What is expected:
Locate every line in the records below that contains the word "fixes", and copy each one.

..............................

definition GG :: "real \<Rightarrow> (real \<Rightarrow> real) \<Rightarrow> (real \<Rightarrow> real) \<Rightarrow> (real \<Rightarrow> real) \<Rightarrow> (real \<Rightarrow> real) \<Rightarrow> ennreal" where
  "GG p v1 a b g = ennpow (\<integral>\<^sup>+t\<in>{0<..}. ennreal (wgt p v1 t *
       \<bar>LINT x:{t..inv_into {0<..} a t}|lborel.
          g x / V1fun p v1 a b x * (LINT s:{a x..t}|lborel. wgt p v1 s)\<bar> powr conj_exp p) \<partial>lborel)
     (1 / conj_exp p)"

definition Gc :: "real \<Rightarrow> (real \<Rightarrow> real) \<Rightarrow> (real \<Rightarrow> real) \<Rightarrow> (real \<Rightarrow> real) \<Rightarrow> (real \<Rightarrow> real) \<Rightarrow> ennreal" where
  "Gc p v1 a b g = ennpow (\<integral>\<^sup>+t\<in>{0<..}. ennreal (wgt p v1 t * V1fun p v1 a b t powr conj_exp p *
       \<bar>LINT x:{t..inv_into {0<..} a t}|lborel. g x / V1fun p v1 a b x\<bar> powr conj_exp p) \<partial>lborel)
     (1 / conj_exp p)"

definition Gs :: "real \<Rightarrow> (real \<Rightarrow> real) \<Rightarrow> (real \<Rightarrow> real) \<Rightarrow> (real \<Rightarrow> real) \<Rightarrow> ennreal" where
  "Gs p v1 a g = ennpow (\<integral>\<^sup>+t\<in>{0<..}. ennreal
       ((LINT x:{t..inv_into {0<..} a t}|lborel. \<bar>g x\<bar>) powr conj_exp p * wgt p v1 t) \<partial>lborel)
     (1 / conj_exp p)"

definition Wnorm :: "real \<Rightarrow> (real \<Rightarrow> real) \<Rightarrow> (real \<Rightarrow> real) \<Rightarrow> (real \<Rightarrow> real) \<Rightarrow> (real \<Rightarrow> real) \<Rightarrow> ennreal" where
  "Wnorm p v1 a b g = GG p v1 a b g + Gc p v1 a b g"

definition Wspace :: "real \<Rightarrow> (real \<Rightarrow> real) \<Rightarrow> (real \<Rightarrow> real) \<Rightarrow> (real \<Rightarrow> real) set" where
  "Wspace p v1 a = {g. Lloc 1 g \<and> Gs p v1 a g < \<infinity>}"

end

theory Submission
  imports Defs "HOL-Probability.Probability_Mass_Function"
begin

(* Take g = s h on [c,d] and g = 0 elsewhere, for a measurable sign s = +-1, so that |g| = |h| on
   [c,d]. Since a is an increasing bijection of (0,oo), for every t the inner integrals of GG and Gc
   only see the subinterval [max t c, min (a^-1 t) d] of [c,d], and they vanish unless
   a c <= t <= d. With W a primitive of v1^(-p'), the kernel of GG there equals W t - W (a x), so
   both inner integrals are combinations, with coefficients bounded in t, of the integrals of
   s h / V1 and s h W(a) / V1 over subintervals of [c,d]. Hence both norms are O(eta) as soon as s
   makes all these integrals at most eta in absolute value.
   Such a sign exists for every integrable f with values in an inner product space: cut [c,d] into
   pieces of small norm-mass and choose the sign e_i of each piece integral u_i against the running
   sum; then |sum e_i u_i|^2 <= sum |u_i|^2 <= (max |u_i|) * (integral of |f|), which is small. *)

section \<open>Integrals over intervals\<close>

lemma set_integral_Icc_split:
  fixes f :: "real \<Rightarrow> 'a::{banach, second_countable_topology}"
  assumes "x \<le> y" "y \<le> z" and f: "set_integrable lborel {x..z} f"
  shows "(LINT t:{x..z}|lborel. f t) = (LINT t:{x..y}|lborel. f t) + (LINT t:{y..z}|lborel. f t)"
proof -
  have "{x..z} = {x..y} \<union> {y<..z}" "{x..y} \<inter> {y<..z} = {}"
    using assms(1,2) by auto
  moreover have "set_integrable lborel {x..y} f" "set_integrable lborel {y<..z} f"
    using assms(1,2) by (auto intro: set_integrable_subset[OF f])
  moreover have "(LINT t:{y<..z}|lborel. f t) = (LINT t:{y..z}|lborel. f t)"
    by (rule set_integral_discrete_difference[where X="{y}"]) auto
  ultimately show ?thesis
    by (simp add: set_integral_Un)
qed
(* Consider the additive noise SCM with two treatments \[ X_1 = U_1,\qquad X_2 = f_2(X_1)+U_2,\qquad Y = f_Y(X_1,X_2)+U_Y, \] where $f_2:\mathbb R\to\mathbb R$, $f_Y:\mathbb R^2\to\mathbb R$ are continuous and $(U_1,U_2,U_Y)\sim\mathcal N(\mathbf 0,\Sigma)$ with $\Sigma$ positive definite. For $x_1,x_2\in\mathbb R$ let $g(x_1,x_2):=\mathbb E[Y\mid X_1=x_1, do(X_2=x_2)]$ denote the conditional expectation of $Y$ given $X_1=x_1$ in the model intervened by $do(X_2=x_2)$. Then for every $x_1\in\mathbb R$, \[ \mathbb E_{u_2\sim p(U_2)}\big[g(x_1, f_2(x_1)+u_2)\big] - \mathbb E[Y\mid do(X_1=x_1)] = \mathbb E[U_Y\mid U_1=x_1] = \frac{\sigma_{Y1}}{\sigma_{11}}\,x_1, \] where $p(U_2)$ is the marginal distribution of $U_2$, $\sigma_{Y1}=\mathrm{Cov}(U_Y,U_1)$ and $\sigma_{11}=\mathrm{Var}(U_1)$. Moreover $f_2(x_1)=\mathbb E[X_2\mid do(X_1=x_1)]$, so that every quantity on the left-hand side is determined by the observational distribution and the single-variable interventional distributions under $do(X_1=\cdot)$ and $do(X_2=\cdot)$.
   Context: A perfect intervention $do(X_i=x)$ replaces the structural equation of $X_i$ by the constant $x$ and leaves all other equations and the noise distribution unchanged; $\mathbb E[\cdot\mid do(\cdot)]$ denotes expectation in the intervened model. The noise variables may be correlated (hidden confounding). *)

theory Defs
  imports "HOL-Analysis.Analysis"
begin
lemma prob_deviation_le:
  fixes n :: nat and \<epsilon> \<gamma> \<eta> :: real
  assumes \<eta>: "0 < \<eta>" "\<eta> \<le> 1" and e: "0 < \<epsilon>" "\<epsilon> \<le> \<eta>/168" and g: "\<bar>\<gamma>\<bar> \<le> 1"
    and n: "2 \<le> n" "96 / \<eta>^2 \<le> real n * \<epsilon>^3"
  defines "K \<equiv> nat \<lfloor>3 * real n * \<epsilon>\<rfloor>"
  shows "measure_pmf.prob (expl_path n ((1 + \<gamma> * \<epsilon>) / real n) K)
           {xs. \<exists>k\<le>K. \<eta> * (real n * \<epsilon>^2) < \<bar>real_of_int (xs ! k) - fluid n \<gamma> \<epsilon> k\<bar>}
         \<le> exp (- (\<eta>^2 / 96) * real n * \<epsilon>^3)"
proof -
  define l where "l = \<eta> / 12 * \<epsilon>"
  define \<alpha> where "\<alpha> = 14 * l * \<epsilon>^2 + 2 * l^2"
  define t where "t = \<eta> * (real n * \<epsilon>^2)"
  define X where "X = \<eta>^2 / 96 * (real n * \<epsilon>^3)"
  have "96 \<le> 96 / \<eta>^2"
    using \<eta> by (simp add: field_simps power_le_one)
  then have X: "1 \<le> X" "1 \<le> real n * \<epsilon>^3"
    unfolding X_def using n \<eta> by (simp add: field_simps, linarith)
  have K: "real K \<le> 3 * real n * \<epsilon>"
    unfolding K_def using e by (simp add: of_nat_nat)
  have nonneg: "0 \<le> l" "0 \<le> \<alpha>"
    unfolding \<alpha>_def l_def using \<eta> e by simp_all
  have e': "0 < \<epsilon>" "\<epsilon> \<le> 1/168"
    using e \<eta> by simp_all
  have "\<eta> * \<epsilon> \<le> 1 * 1"
    using \<eta> e' by (intro mult_mono) auto
  then have l1: "l \<le> 1"
    unfolding l_def by simp
  have t: "t \<le> real n * \<epsilon>^2"
    unfolding t_def using \<eta> e by (intro mult_left_le_one_le) auto
  have "measure_pmf.prob (expl_path n ((1 + \<gamma> * \<epsilon>) / real n) K)
           {xs. \<exists>k\<le>K. t < \<bar>real_of_int (xs ! k) - fluid n \<gamma> \<epsilon> k\<bar>}
        \<le> potential l \<alpha> (fluid n \<gamma> \<epsilon>) 0 0 / exp (l * t - \<alpha> * K)"
  proof (rule prob_expl_path_hit_le)
    show "(\<integral>\<^sup>+x. ennreal (potential l \<alpha> (fluid n \<gamma> \<epsilon>) (Suc j) (s + int x - 1))
            \<partial>binomial_pmf (nat (int n - int (Suc j) - s)) ((1 + \<gamma> * \<epsilon>) / real n))
          \<le> ennreal (potential l \<alpha> (fluid n \<gamma> \<epsilon>) j s)"
      if "j < K" "\<not> t < \<bar>real_of_int s - fluid n \<gamma> \<epsilon> j\<bar>" for j s
    proof -
      have "real (Suc j) \<le> real K"
        using that(1) by simp
      then have "real (Suc j) \<le> 3 * real n * \<epsilon>"
        using K by linarith
      moreover have "\<bar>real_of_int s - fluid n \<gamma> \<epsilon> j\<bar> \<le> real n * \<epsilon>^2"
        using that(2) t by linarith
      ultimately show ?thesis
        unfolding \<alpha>_def by (rule potential_step_expl_path[OF e' g nonneg(1) l1 n(1) X(2)])
    qed
  next
    show "exp (l * t - \<alpha> * K) \<le> potential l \<alpha> (fluid n \<gamma> \<epsilon>) j s"
      if "j \<le> K" "t < \<bar>real_of_int s - fluid n \<gamma> \<epsilon> j\<bar>" for j s
      using nonneg that by (rule potential_ge_of_deviation)
  qed (simp_all add: potential_nonneg)
  also have "potential l \<alpha> (fluid n \<gamma> \<epsilon>) 0 0 = 2"
    by (simp add: potential_def fluid_def)
  also have "2 / exp (l * t - \<alpha> * K) = 2 * exp (- (l * t - \<alpha> * K))"
    unfolding exp_minus by (simp add: divide_inverse)
  also have "\<dots> \<le> 2 * exp (- (2 * X))"
  proof -
    have "2 * X \<le> l * t - \<alpha> * K"
      using deviation_exponent_ge[OF \<eta>(1) e K] unfolding X_def t_def \<alpha>_def l_def by linarith
    then show ?thesis
      by simp
  qed
  also have "\<dots> \<le> exp (- X)"
    using X(1) by (rule two_mul_exp_minus_double_le)
  finally show ?thesis
    unfolding X_def t_def by (simp add: algebra_simps)
qed

lemma eventually_exploration_window:
  fixes em ep :: "nat \<Rightarrow> real" and c C :: real
  assumes "filterlim (\<lambda>n. real n powr (1/3) * em n) at_top sequentially" and "ep \<longlonglongrightarrow> 0"
    and "0 < c"
  shows "eventually (\<lambda>n. 2 \<le> n \<and>
           (\<forall>\<epsilon>. em n \<le> \<epsilon> \<and> \<epsilon> \<le> ep n \<longrightarrow> 0 < \<epsilon> \<and> \<epsilon> \<le> c \<and> C \<le> real n * \<epsilon>^3)) sequentially"
proof -
  define M where "M = max 1 C"
  have M: "1 \<le> M" "C \<le> M"
    by (simp_all add: M_def)
  have "M * 1 \<le> M * M^2"
    using M by (intro mult_left_mono) (auto simp: one_le_power)
  then have "M \<le> M^3"
    by (simp add: power3_eq_cube power2_eq_square)
  then have M3: "C \<le> M^3"
    using M by linarith
  have "eventually (\<lambda>n. M \<le> real n powr (1/3) * em n) sequentially"
    using assms(1) unfolding filterlim_at_top by blast
  moreover have "eventually (\<lambda>n. ep n < c) sequentially"
    using order_tendstoD(2)[OF assms(2,3)] .
  moreover have "eventually (\<lambda>n. 2 \<le> n) sequentially"
    by (rule eventually_ge_at_top)
  ultimately show ?thesis
  proof eventually_elim
    case (elim n)
    define r where "r = real n powr (1/3)"
    have r: "0 < r" "r^3 = real n"
      unfolding r_def using elim by (simp_all add: powr_power)
    have em: "0 < em n"
      using elim M r(1) unfolding r_def[symmetric] by (smt (verit) mult_nonneg_nonpos)
    have "0 < \<epsilon> \<and> \<epsilon> \<le> c \<and> C \<le> real n * \<epsilon>^3" if "em n \<le> \<epsilon>" "\<epsilon> \<le> ep n" for \<epsilon>
    proof -
      have "M^3 \<le> (r * em n)^3"
        using elim M unfolding r_def[symmetric] by (intro power_mono) auto
      also have "\<dots> = real n * em n ^ 3"
        using r by (simp add: power_mult_distrib)
      also have "\<dots> \<le> real n * \<epsilon>^3"
        using em that by (intro mult_left_mono power_mono) auto
      finally show ?thesis
        using M3 em that elim by linarith
    qed
    then show ?case
      using elim by blast
  qed
qed
(* Let $\mu>0$ and let $\Omega$ be an optimal domain, with $\lambda_1,\lambda_2$ as in the optimality condition above, and set $Q=(\lambda_2/\mu,\,-\lambda_1/\mu)$ and $\lambda=\dfrac{2\mu A(\Omega)-E(\Omega)}{2\pi}$. Then on every open arc of $\partial\Omega$ where $k>0$ (strictly convex part), $k$ is smooth and $$k''(s)=-\tfrac12 k(s)^3-\lambda k(s)+\mu ,$$ and at every point $M(s)=(x(s),y(s))$ of $\partial\Omega$, $$\langle \overrightarrow{QM(s)},\mathsf{n}(s)\rangle=\frac{\lambda}{\mu}+\frac{1}{2\mu}k(s)^2,$$ where $\mathsf{n}(s)=(\sin\theta(s),-\cos\theta(s))$ is the exterior unit normal.
   Context: Let $\mathcal{C}$ be the class of bounded open convex sets $\Omega\subset\mathbb{R}^2$ whose boundary, of length $P$, is parametrized by arc length $s\mapsto(x(s),y(s))$ with $x'=\cos\theta$, $y'=\sin\theta$, $\theta\in W^{1,2}(0,P)$, $\theta'\ge0$ a.e., $\theta(P)=\theta(0)+2\pi$, $\int_0^P\cos\theta=\int_0^P\sin\theta=0$. Curvature $k=\theta'$, $E(\Omega)=\frac12\int_0^Pk^2ds$, $A$ area, $P$ perimeter, $J_\mu=E+\mu A$. An optimal domain is $\Omega\in\mathcal{C}$ with $P(\Omega)=2\pi$ minimizing $J_\mu$ among sets of $\mathcal{C}$ of perimeter $2\pi$. Optimality condition: with $x(0)=y(0)=0$ there exist reals $\lambda_1,\lambda_2,c$ with $\theta'(s)=\frac{\mu}{2}\big(\frac{\lambda_1^2+\lambda_2^2}{\mu^2}+\frac{2c}{\mu}-[x(s)-\frac{\lambda_2}{\mu}]^2-[y(s)+\frac{\lambda_1}{\mu}]^2\big)^-$ for all $s$. *)

theory Defs
  imports "HOL-Analysis.Analysis"
begin
text \<open>
  Every component of \<open>curl (curl (\<psi> W))\<close> is built from constants and coordinates by sums,
  products, \<open>sin\<close>, \<open>cos\<close> and \<open>exp\<close>. This class of functions is closed under partial
  differentiation, so the field is \<open>C\<^sup>1\<close> and its Jacobian at the origin can be computed
  symbolically. The result is the circulant matrix with rows \<open>(0, a, b)\<close>, \<open>(b, 0, a)\<close>,
  \<open>(a, b, 0)\<close>, where \<open>a = 1 + 1/(\<nu> T)\<close> and \<open>b = -1/(4 \<nu> T)\<close>. Its determinant is
  \<open>a\<^sup>3 + b\<^sup>3\<close> and its characteristic polynomial is \<open>\<lambda>\<^sup>3 - 3 a b \<lambda> - (a\<^sup>3 + b\<^sup>3)\<close>, whose real
  part at a purely imaginary \<open>\<lambda>\<close> is \<open>-(a\<^sup>3 + b\<^sup>3)\<close>. Since \<open>a > -b \<ge> 0\<close>, this is nonzero.
\<close>

inductive elementary :: "(real^'n \<Rightarrow> real) \<Rightarrow> bool" where
  elementary_const: "elementary (\<lambda>x. c)"
| elementary_coord: "elementary (\<lambda>x. x $ i)"
| elementary_add: "elementary f \<Longrightarrow> elementary g \<Longrightarrow> elementary (\<lambda>x. f x + g x)"
| elementary_mult: "elementary f \<Longrightarrow> elementary g \<Longrightarrow> elementary (\<lambda>x. f x * g x)"
| elementary_sin: "elementary f \<Longrightarrow> elementary (\<lambda>x. sin (f x))"
| elementary_cos: "elementary f \<Longrightarrow> elementary (\<lambda>x. cos (f x))"
| elementary_exp: "elementary f \<Longrightarrow> elementary (\<lambda>x. exp (f x))"

lemma elementary_uminus: "elementary f \<Longrightarrow> elementary (\<lambda>x. - f x)"
  using elementary_mult[OF elementary_const[of "-1"], of f] by simp

lemma elementary_diff: "elementary f \<Longrightarrow> elementary g \<Longrightarrow> elementary (\<lambda>x. f x - g x)"
  using elementary_add[OF _ elementary_uminus, of f g] by simp

lemma elementary_divide: "elementary f \<Longrightarrow> elementary (\<lambda>x. f x / c)"
  using elementary_mult[OF _ elementary_const[of "inverse c"], of f] by (simp add: divide_inverse)

lemma elementary_power: "elementary f \<Longrightarrow> elementary (\<lambda>x. f x ^ n)"
  by (induction n) (auto intro: elementary.intros)

lemmas elementary_intros [simp] =
  elementary.intros elementary_uminus elementary_diff elementary_divide elementary_power

lemma GDERIV_vec_nth: "GDERIV (\<lambda>x. x $ i) x :> axis i 1"
  unfolding gderiv_def inner_axis
  by (simp add: bounded_linear_imp_has_derivative bounded_linear_vec_nth)

lemma elementary_gderiv:
  "elementary f \<Longrightarrow> \<exists>df. (\<forall>j. elementary (\<lambda>x. df x $ j)) \<and> (\<forall>x. GDERIV f x :> df x)"
proof (induction rule: elementary.induct)
  case (elementary_const c)
  show ?case
    by (rule exI[of _ "\<lambda>x. 0"]) (simp add: GDERIV_const)
next
  case (elementary_coord i)
  show ?case
    by (rule exI[of _ "\<lambda>x. axis i 1"]) (simp add: GDERIV_vec_nth)
next
  case (elementary_add f g)
  then obtain df dg where "\<forall>j. elementary (\<lambda>x. df x $ j)" "\<forall>x. GDERIV f x :> df x"
    and "\<forall>j. elementary (\<lambda>x. dg x $ j)" "\<forall>x. GDERIV g x :> dg x"
    by blast
  then show ?case
    by (intro exI[of _ "\<lambda>x. df x + dg x"]) (simp add: GDERIV_add)
next
  case (elementary_mult f g)
  then obtain df dg where "\<forall>j. elementary (\<lambda>x. df x $ j)" "\<forall>x. GDERIV f x :> df x"
    and "\<forall>j. elementary (\<lambda>x. dg x $ j)" "\<forall>x. GDERIV g x :> dg x"
    by blast
  with elementary_mult.hyps show ?case
    by (intro exI[of _ "\<lambda>x. f x *\<^sub>R dg x + g x *\<^sub>R df x"]) (simp add: GDERIV_mult)
next
  case (elementary_sin f)
  then obtain df where "\<forall>j. elementary (\<lambda>x. df x $ j)" "\<forall>x. GDERIV f x :> df x"
    by blast
  with elementary_sin.hyps show ?case
    by (intro exI[of _ "\<lambda>x. cos (f x) *\<^sub>R df x"]) (simp add: GDERIV_DERIV_compose DERIV_sin)
next
  case (elementary_cos f)
  then obtain df where "\<forall>j. elementary (\<lambda>x. df x $ j)" "\<forall>x. GDERIV f x :> df x"
    by blast
  with elementary_cos.hyps show ?case
    by (intro exI[of _ "\<lambda>x. - sin (f x) *\<^sub>R df x"]) (simp add: GDERIV_DERIV_compose DERIV_cos del: scaleR_minus_left)
next
  case (elementary_exp f)
  then obtain df where "\<forall>j. elementary (\<lambda>x. df x $ j)" "\<forall>x. GDERIV f x :> df x"
    by blast
  with elementary_exp.hyps show ?case
    by (intro exI[of _ "\<lambda>x. exp (f x) *\<^sub>R df x"]) (simp add: GDERIV_DERIV_compose DERIV_exp)
qed

lemma elementary_continuous:
  assumes "elementary f"
  shows "continuous_on UNIV f"
proof -
  obtain df where "\<And>x. GDERIV f x :> df x"
    using elementary_gderiv[OF assms] by blast
  then show ?thesis
    unfolding gderiv_def by (meson continuous_at_imp_continuous_on has_derivative_continuous)
qed

lemma vec_lambda_eq_sum_axis: "(\<chi> k. a k) = (\<Sum>k\<in>UNIV. a k *\<^sub>R axis k (1::real))"
  by (simp add: vec_eq_iff axis_def if_distrib cong: if_cong)
(* Let $\mathcal D=\{A_\lambda\}_{\lambda\in\Lambda}$ be a finite family of subsets of some set, with a decomposition $\Lambda=\Lambda_0\sqcup\Lambda_1\sqcup\dots\sqcup\Lambda_n$ (sets $A_\lambda$ with $\lambda\in\Lambda_r$ are said to have type $r$). Assume: (1) for any $A_{\lambda_1},A_{\lambda_2}\in\mathcal D$ of types $r_1,r_2$, $A_{\lambda_1}\cap A_{\lambda_2}$ is a finite union of sets from $\mathcal D$ of types at most $\min\{r_1,r_2\}$; (2) if $\lambda_1\ne\lambda_2$ and $A_{\lambda_1},A_{\lambda_2}$ have the same type $r$, then $A_{\lambda_1}\cap A_{\lambda_2}$ is a finite union of sets from $\mathcal D$ of types strictly less than $r$; (3) every finite union $X$ of elements of $\mathcal D$ has a unique reduced presentation $X=\bigcup_{j=1}^sA_{\lambda_j}$, i.e. one in which no $A_{\lambda_j}$ is contained in another $A_{\lambda_k}$. Let $\mathcal T$ be the family of all finite unions of elements of $\mathcal D$, and let $m:\Lambda\to\mathbb{C}$ be any function. Then there exists a unique function $\mu:\mathcal T\to\mathbb{C}$ with $\mu(A\cup B)=\mu(A)+\mu(B)-\mu(A\cap B)$ for all $A,B\in\mathcal T$ and $\mu(A_\lambda)=m(\lambda)$ for all $\lambda\in\Lambda$. *)

theory Defs
  imports Complex_Main "HOL-Library.FuncSet"
begin
(* Let $\mathbf{C}=\mathbf{C}_1\,\dot\cup\,\mathbf{C}_2$ (disjoint union), and let $\mathbf{B}\in\dot{\mathbb{P}}(\mathbb{L}(\mathbf{C}_1))$ with $|\mathbf{B}|=|\mathbf{C}_1|$. Then $\mathbf{B}$ is irreducible for $\mathcal{D}(\mathbf{C},\Omega)$ if and only if there exist $\omega^*\in\Omega$ and values $\mathbf{c}_2^*$ for $\mathbf{C}_2$ such that (i) $D_{\mathbf{B}=\mathbf{1},\mathbf{C}_2=\mathbf{c}_2^*}(\omega^* )=1$, and (ii) for every $L\in\mathbf{B}$, $D_{\mathbf{B}\setminus\{L\}=\mathbf{1},L=0,\mathbf{C}_2=\mathbf{c}_2^*}(\omega^* )=0$.
   Context: An event is a binary random variable on a population $\Omega$ of individuals $\omega$; $\overline{X}=1-X$. For a finite set $\mathbf{C}$ of events (causes), $\mathbb{L}(\mathbf{C})=\mathbf{C}\cup\{\overline{X}:X\in\mathbf{C}\}$, and $\dot{\mathbb{P}}(\mathbb{L}(\mathbf{C}))$ is the set of subsets of $\mathbb{L}(\mathbf{C})$ not containing both $X$ and $\overline{X}$ for any $X$. $(L)_{\mathbf{c}}$ is the value of literal $L$ under assignment $\mathbf{c}$, and $\bigwedge(\mathbf{B})=\min_{L\in\mathbf{B}}L$. The potential outcomes $\mathcal{D}(\mathbf{C},\Omega)$ are values $D_{\mathbf{c}}(\omega)\in\{0,1\}$ for every $\omega\in\Omega$ and every assignment $\mathbf{c}$ to $\mathbf{C}$. If $\mathbf{B}\in\dot{\mathbb{P}}(\mathbb{L}(\mathbf{C}_1))$ has $|\mathbf{B}|=|\mathbf{C}_1|$ (exactly one literal per variable of $\mathbf{C}_1$), an assignment of values to the literals of $\mathbf{B}$ determines an assignment to $\mathbf{C}_1$; thus e.g. $D_{\mathbf{B}=\mathbf{1},\mathbf{C}_2=\mathbf{c}_2}(\omega)$ denotes the potential outcome when all literals in $\mathbf{B}$ are set to 1 and $\mathbf{C}_2$ to $\mathbf{c}_2$, and $D_{\mathbf{B}\setminus\{L\}=\mathbf{1},L=0,\mathbf{C}_2=\mathbf{c}_2}(\omega)$ the one where $L$ is set to 0 and the other literals of $\mathbf{B}$ to 1. A sufficient cause representation $(\mathbf{A},\mathfrak{B})$ for $\mathcal{D}(\mathbf{C},\Omega)$ is a tuple $\mathbf{A}=\langle A_1,\dots,A_p\rangle$ of binary random variables on $\Omega$ unaffected by interventions on $\mathbf{C}$ and a tuple $\mathfrak{B}=\langle\mathbf{B}_1,\dots,\mathbf{B}_p\rangle$, $\mathbf{B}_i\in\dot{\mathbb{P}}(\mathbb{L}(\mathbf{C}))$, such that for all $\omega,\mathbf{c}$: $D_{\mathbf{c}}(\omega)=1$ iff some $j$ has $A_j(\omega)=1$ and $(\bigwedge(\mathbf{B}_j))_{\mathbf{c}}=1$. A set $\mathbf{B}\in\dot{\mathbb{P}}(\mathbb{L}(\mathbf{C}))$ is irreducible for $\mathcal{D}(\mathbf{C},\Omega)$ if in every sufficient cause representation $(\mathbf{A},\mathfrak{B})$ for $\mathcal{D}(\mathbf{C},\Omega)$ there is some $\mathbf{B}_i\in\mathfrak{B}$ with $\mathbf{B}\subseteq\mathbf{B}_i$. *)

theory Defs
  imports Main
begin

..............................

Solution to this task:
  fixes f :: "real \<Rightarrow> 'a::{banach, second_countable_topology}"
  fixes n :: nat and \<epsilon> \<gamma> \<eta> :: real
  fixes em ep :: "nat \<Rightarrow> real" and c C :: real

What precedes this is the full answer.